Answer the following questions in a single digit integer.
What is the bond order of $ N{e_2} $ ?

Answer 1

Hint :Bond order in a molecule can be defined as the chemical bonds that are formed between two atoms. It can also be defined as the number of overlapping electron pairs between a pair of atoms. Bond order can only be calculated between any two particular atoms in a molecule. Greater the bond order greater will be the strength of the bond.

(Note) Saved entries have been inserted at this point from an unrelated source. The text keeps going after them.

definition edges :: "(nat \<Rightarrow> nat \<Rightarrow> bool) \<Rightarrow> nat set set" where
  "edges E = {{u, v} | u v. E u v}"

definition dc_witness :: "(nat \<Rightarrow> nat \<Rightarrow> bool) \<Rightarrow> nat \<Rightarrow> nat \<Rightarrow> bool" where
  "dc_witness E u v \<longleftrightarrow> (\<exists>u1 u2 v1 v2. u1 < u \<and> u < u2 \<and> u2 < v1 \<and> v1 < v \<and> v < v2
      \<and> E u v1 \<and> E u v2 \<and> E v u1 \<and> E v u2)"

definition double_cherry :: "(nat \<Rightarrow> nat \<Rightarrow> bool) \<Rightarrow> nat \<Rightarrow> nat \<Rightarrow> bool" where
  "double_cherry E x y \<longleftrightarrow> x \<noteq> y \<and> (E x y \<or> dc_witness E x y \<or> dc_witness E y x)"

end

theory Submission
  imports Defs
begin

(* Divide and conquer: split the vertices by the order into an initial half A and a final half B
   and recurse, so it suffices to bound the edges between A and B by O(t^2 (|A| + |B|)).
   Call a pair a \<in> A, b \<in> B inner if a lies strictly between two neighbours of b in A and
   b strictly between two neighbours of a in B.  Every inner pair, adjacent or not, is a double
   cherry, and all but 2(|A| + |B|) cross edges are inner.  For fixed a, the inner partners of a
   form an interval of the active set {b. a lies strictly between two neighbours of b}; an
   interval with c elements contains c - t + 1 runs of t consecutive elements ("blocks").  As a
   sweeps from left to right the active set changes one element at a time, so at most 2t|B|
   distinct blocks ever occur, and none of them is shared by t vertices a, as that would give a
   t by t biclique of double cherries.  Double counting gives sum_a |inner(a)| <= (t - 1)|A| + 2t(t - 1)|B|. *)

section \<open>Blocks of consecutive elements\<close>

definition convex_within :: "'a::linorder set \<Rightarrow> 'a set \<Rightarrow> bool" where
  "convex_within X W \<longleftrightarrow> (\<forall>y\<in>X. \<forall>p\<in>W. \<forall>q\<in>W. p \<le> y \<longrightarrow> y \<le> q \<longrightarrow> y \<in> W)"
(* Let $R$ be a ring, $\phi:M\to M'$ an epimorphism of left $R$-modules and $N$ a submodule of $M$ with $N\supseteq\ker\phi$. Then: (i) if $\beta^s_{co}(N)=\langle E_M(N)\rangle$, then $\beta^s_{co}(\phi(N))=\langle E_{M'}(\phi(N))\rangle$; (ii) if $N'$ is a submodule of $M'$ with $\beta^s_{co}(N')=\langle E_{M'}(N')\rangle$, then $\beta^s_{co}(\phi^{-1}(N'))=\langle E_M(\phi^{-1}(N'))\rangle$; (iii) if $\beta^s(N)=\langle E_M(N)\rangle$, then $\beta^s(\phi(N))=\langle E_{M'}(\phi(N))\rangle$; (iv) if $N'$ is a submodule of $M'$ with $\beta^s(N')=\langle E_{M'}(N')\rangle$, then $\beta^s(\phi^{-1}(N'))=\langle E_M(\phi^{-1}(N'))\rangle$.
   Context: Rings are associative with identity; modules are unital left modules. For a module $X$ and submodule $K$: a submodule $P$ of $X$ is prime if $RX\not\subseteq P$ and for every ideal $A$ of $R$ and submodule $L$ with $AL\subseteq P$, $L\subseteq P$ or $AX\subseteq P$; completely prime if $RX\not\subseteq P$ and $rx\in P$ implies $x\in P$ or $rX\subseteq P$. $\beta^s(K)$ (resp. $\beta^s_{co}(K)$) is the intersection of all prime (resp. completely prime) submodules of $X$ containing $K$ ($=X$ if none), computed in the ambient module of $K$. $E_X(K)=\{rx: r\in R,x\in X, r^kx\in K\text{ for some }k\in\mathbb N\}$ and $\langle E_X(K)\rangle$ is the submodule it generates. *)

theory Defs
  imports "HOL-Algebra.Module" "HOL-Algebra.Ideal"
begin

(* Left unital module over an arbitrary (associative, unital, not necessarily
   commutative) ring; same axioms as HOL-Algebra's module but with ring R. *)
locale lmodule = R?: ring R + M?: abelian_group M
  for R :: "('r, 'c) ring_scheme" (structure) and M :: "('r, 'a, 'd) module_scheme" (structure) +
  assumes smult_closed:
      "\<lbrakk> a \<in> carrier R; x \<in> carrier M \<rbrakk> \<Longrightarrow> a \<odot>\<^bsub>M\<^esub> x \<in> carrier M"
    and smult_l_distr:
      "\<lbrakk> a \<in> carrier R; b \<in> carrier R; x \<in> carrier M \<rbrakk> \<Longrightarrow>
      (a \<oplus> b) \<odot>\<^bsub>M\<^esub> x = a \<odot>\<^bsub>M\<^esub> x \<oplus>\<^bsub>M\<^esub> b \<odot>\<^bsub>M\<^esub> x"
    and smult_r_distr:
      "\<lbrakk> a \<in> carrier R; x \<in> carrier M; y \<in> carrier M \<rbrakk> \<Longrightarrow>
      a \<odot>\<^bsub>M\<^esub> (x \<oplus>\<^bsub>M\<^esub> y) = a \<odot>\<^bsub>M\<^esub> x \<oplus>\<^bsub>M\<^esub> a \<odot>\<^bsub>M\<^esub> y"
    and smult_assoc1:
      "\<lbrakk> a \<in> carrier R; b \<in> carrier R; x \<in> carrier M \<rbrakk> \<Longrightarrow>
      (a \<otimes> b) \<odot>\<^bsub>M\<^esub> x = a \<odot>\<^bsub>M\<^esub> (b \<odot>\<^bsub>M\<^esub> x)"
    and smult_one:
      "x \<in> carrier M \<Longrightarrow> \<one> \<odot>\<^bsub>M\<^esub> x = x"

definition lsubmodule :: "('r,'c) ring_scheme \<Rightarrow> ('r,'a,'d) module_scheme \<Rightarrow> 'a set \<Rightarrow> bool" where
  "lsubmodule R X L \<longleftrightarrow>
     L \<subseteq> carrier X \<and> \<zero>\<^bsub>X\<^esub> \<in> L \<and>
     (\<forall>x\<in>L. \<forall>y\<in>L. x \<oplus>\<^bsub>X\<^esub> y \<in> L) \<and>
     (\<forall>x\<in>L. \<ominus>\<^bsub>X\<^esub> x \<in> L) \<and>
     (\<forall>r\<in>carrier R. \<forall>x\<in>L. r \<odot>\<^bsub>X\<^esub> x \<in> L)"

definition gen_submodule :: "('r,'c) ring_scheme \<Rightarrow> ('r,'a,'d) module_scheme \<Rightarrow> 'a set \<Rightarrow> 'a set" where
  "gen_submodule R X S = \<Inter> {L. lsubmodule R X L \<and> S \<subseteq> L}"
(* Let $d\ge2$ and let $\mathcal{T}_d$ be the channel on a $d$-dimensional system given by $\mathcal{T}_d(\rho)=\mathrm{Tr}(\rho)|0\rangle\langle0|$. Then for $1/d^2\le t\le 1$, $$\mathcal{O}_t(\mathcal{T}_d)=\begin{cases}\frac1d & \text{if } \frac1d\le t\le1,\\ \frac{1}{d^2}\Big(1+\sqrt{(td^2-1)(d-1)}\Big) & \text{if } \frac1{d^2}\le t\le\frac1d.\end{cases}$$ An optimizer is $|0\rangle\langle0|_r\otimes\rho_a$ for any density operator $\rho_a$ with $\mathrm{Tr}(\rho_a^2)\le t$ when $1/d\le t\le1$, and $(1-k)\frac{I_{ra}}{d^2}+k\,|0\rangle\langle0|_r\otimes\frac{I_a}{d}$ with $k=\sqrt{\frac{td^2-1}{d-1}}$ when $1/d^2\le t\le 1/d$.
   Context: For a channel $\mathcal{N}:\mathcal{L}(\mathcal{H}_a)\to\mathcal{L}(\mathcal{H}_b)$ with $\dim\mathcal{H}_a=\dim\mathcal{H}_b=\dim\mathcal{H}_r=d$, define $\mathcal{O}_t(\mathcal{N})=\max\{\langle\phi_{rb}|(\mathrm{id}_r\otimes\mathcal{N})(\rho_{ra})|\phi_{rb}\rangle:\ \rho_{ra}\succeq0,\ \mathrm{Tr}\rho_{ra}=1,\ \mathrm{Tr}(\rho_{ra}^2)\le t\}$, where $|\phi_{rb}\rangle=\frac{1}{\sqrt d}\sum_i|\alpha_i\rangle_r\otimes|\alpha_i\rangle_b$ is maximally entangled for an orthonormal basis $\{|\alpha_i\rangle\}$ with $|0\rangle$ one of its elements. *)

theory Defs
  imports "Jordan_Normal_Form.Matrix" "Jordan_Normal_Form.Conjugate"
begin

definition mtrace :: "complex mat \<Rightarrow> complex" where
  "mtrace A = (\<Sum>i<dim_row A. A $$ (i, i))"

text \<open>Positive semidefinite n x n complex matrices (complex order: 0 \<le> z means z real, nonnegative).\<close>
definition psd :: "nat \<Rightarrow> complex mat \<Rightarrow> bool" where
  "psd n A \<longleftrightarrow> A \<in> carrier_mat n n \<and> (\<forall>v \<in> carrier_vec n. 0 \<le> (A *\<^sub>v v) \<bullet>c v)"

definition density :: "nat \<Rightarrow> complex mat \<Rightarrow> bool" where
  "density n \<rho> \<longleftrightarrow> psd n \<rho> \<and> mtrace \<rho> = 1"

text \<open>Kronecker (tensor) product; index i of A \<otimes> B corresponds to (i div dim B, i mod dim B).\<close>
definition kron :: "complex mat \<Rightarrow> complex mat \<Rightarrow> complex mat" where
  "kron A B = mat (dim_row A * dim_row B) (dim_col A * dim_col B)
     (\<lambda>(i,j). A $$ (i div dim_row B, j div dim_col B) * B $$ (i mod dim_row B, j mod dim_col B))"

definition block :: "nat \<Rightarrow> complex mat \<Rightarrow> nat \<Rightarrow> nat \<Rightarrow> complex mat" where
  "block d \<rho> p q = mat d d (\<lambda>(k,l). \<rho> $$ (p * d + k, q * d + l))"

definition id_tensor :: "nat \<Rightarrow> (complex mat \<Rightarrow> complex mat) \<Rightarrow> complex mat \<Rightarrow> complex mat" where
  "id_tensor d N \<rho> = mat (d * d) (d * d)
     (\<lambda>(i,j). N (block d \<rho> (i div d) (j div d)) $$ (i mod d, j mod d))"

definition orthonormal_basis :: "nat \<Rightarrow> (nat \<Rightarrow> complex vec) \<Rightarrow> bool" where
  "orthonormal_basis d \<alpha> \<longleftrightarrow> (\<forall>i<d. \<alpha> i \<in> carrier_vec d) \<and>
     (\<forall>i<d. \<forall>j<d. \<alpha> i \<bullet>c \<alpha> j = (if i = j then 1 else 0))"

definition max_ent :: "nat \<Rightarrow> (nat \<Rightarrow> complex vec) \<Rightarrow> complex vec" where
  "max_ent d \<alpha> = vec (d * d)
     (\<lambda>i. (\<Sum>k<d. \<alpha> k $ (i div d) * \<alpha> k $ (i mod d)) / complex_of_real (sqrt (real d)))"

definition ent_fidelity :: "nat \<Rightarrow> (complex mat \<Rightarrow> complex mat) \<Rightarrow> (nat \<Rightarrow> complex vec) \<Rightarrow> complex mat \<Rightarrow> real" where
  "ent_fidelity d N \<alpha> \<rho> = Re ((id_tensor d N \<rho> *\<^sub>v max_ent d \<alpha>) \<bullet>c max_ent d \<alpha>)"

definition feasible :: "nat \<Rightarrow> real \<Rightarrow> complex mat \<Rightarrow> bool" where
  "feasible d t \<rho> \<longleftrightarrow> density (d * d) \<rho> \<and> mtrace (\<rho> * \<rho>) \<le> complex_of_real t"

definition O_t :: "nat \<Rightarrow> (complex mat \<Rightarrow> complex mat) \<Rightarrow> (nat \<Rightarrow> complex vec) \<Rightarrow> real \<Rightarrow> real" where
  "O_t d N \<alpha> t = Sup {ent_fidelity d N \<alpha> \<rho> | \<rho>. feasible d t \<rho>}"

definition proj0 :: "nat \<Rightarrow> complex mat" where
  "proj0 d = mat d d (\<lambda>(i,j). if i = 0 \<and> j = 0 then 1 else 0)"

definition T_chan :: "nat \<Rightarrow> complex mat \<Rightarrow> complex mat" where
  "T_chan d \<rho> = mtrace \<rho> \<cdot>\<^sub>m proj0 d"

end

theory Submission
  imports Defs "HOL-Analysis.Convex"
begin

text \<open>
  The channel forgets its input and prepares \<open>|0\<rangle>\<close>, so \<open>(id \<otimes> T\<^sub>d)(\<rho>) = Tr\<^sub>a \<rho> \<otimes> |0\<rangle>\<langle>0|\<close>.
  Because \<open>|0\<rangle>\<close> is one of the basis vectors defining \<open>|\<phi>\<rangle>\<close>, the overlap with \<open>|\<phi>\<rangle>\<close> is
  \<open>w / d\<close>, where \<open>w = Tr ((|0\<rangle>\<langle>0| \<otimes> I) \<rho>)\<close> is the weight of \<open>\<rho>\<close> on the block \<open>r = 0\<close>.
  The diagonal \<open>y\<close> of \<open>\<rho>\<close> is a probability vector with \<open>\<Sum> y\<^sub>i\<^sup>2 \<le> Tr \<rho>\<^sup>2 \<le> t\<close>, and
  Cauchy-Schwarz applied separately to the \<open>d\<close> entries inside the block and the \<open>d\<^sup>2 - d\<close>
  entries outside it gives \<open>(d w - 1)\<^sup>2 \<le> (t d\<^sup>2 - 1)(d - 1)\<close>, besides \<open>w \<le> 1\<close>.
  Both bounds are attained by the diagonal states \<open>(1 - k) I/d\<^sup>2 + k |0\<rangle>\<langle>0| \<otimes> I/d\<close>,
  the second one for the \<open>k\<close> that makes the purity exactly \<open>t\<close>.
\<close>

lemma sum_sum_restrict:
  fixes f :: "nat \<Rightarrow> nat \<Rightarrow> 'a::comm_monoid_add"
  assumes "S \<subseteq> {..<n}" and "\<And>i j. i < n \<Longrightarrow> j < n \<Longrightarrow> i \<notin> S \<or> j \<notin> S \<Longrightarrow> f i j = 0"
  shows "(\<Sum>i<n. \<Sum>j<n. f i j) = (\<Sum>i\<in>S. \<Sum>j\<in>S. f i j)"
proof -
  have "(\<Sum>i<n. \<Sum>j<n. f i j) = (\<Sum>i\<in>S. \<Sum>j<n. f i j)"
    by (rule sum.mono_neutral_right) (use assms in auto)
  also have "\<dots> = (\<Sum>i\<in>S. \<Sum>j\<in>S. f i j)"
    by (intro sum.cong refl sum.mono_neutral_right) (use assms in auto)
  finally show ?thesis .
qed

Complete Step By Step Answer:
Bond order of a molecule can be defined as the chemical bonds that are formed between two atoms. It is basically the number of overlapping electron pairs between a pair of atoms.
Bond order was first introduced by Linus Pauling. Bond order can be calculated as the half the difference between the number of bonding electrons $ ({N_b}) $ and the number of antibonding electrons $ ({N_a}) $ . Therefore, the formula for bond order is:
Bond order $ = \dfrac{1}{2}({N_b} - {N_a}) $
Where, $ {N_b} $ is the number of bonding electrons present between two molecules and $ {N_a} $ is the number of antibonding electrons present.
Electronic configuration of $ N{e_2} $ in molecular diagram is:
 $ $ \sigma 1{s^2}\;\sigma *1{s^2},\;\sigma 2{s^2}\sigma *2{s^2},\;\sigma p{x^2}\pi 2p{y^2}2{\pi ^*}^2p{y^2}\pi *2p{y^2}2p{z^2}\sigma *2p{x^2} $ $
The orbitals represented with a * are antibonding orbitals.
Hence, we can see that the number of bonding electrons are ten and antibonding electrons are 10. Put these values in the formula above:
Bond order $ = \dfrac{1}{2}(10 - 10) $
Bond order of $ N{e_2} $ $ = 0 $
Hence the answer is $ 0 $ .

Note :
Bonding electrons and non-bonding electrons take part in determining the bond order of a molecule while the non-bonding electrons (which do not take part in bonding) are not included in determining the bond order of a molecule. If there are unpaired electrons in the molecule, then it is paramagnetic in nature and if there are paired electrons then it is diamagnetic in nature.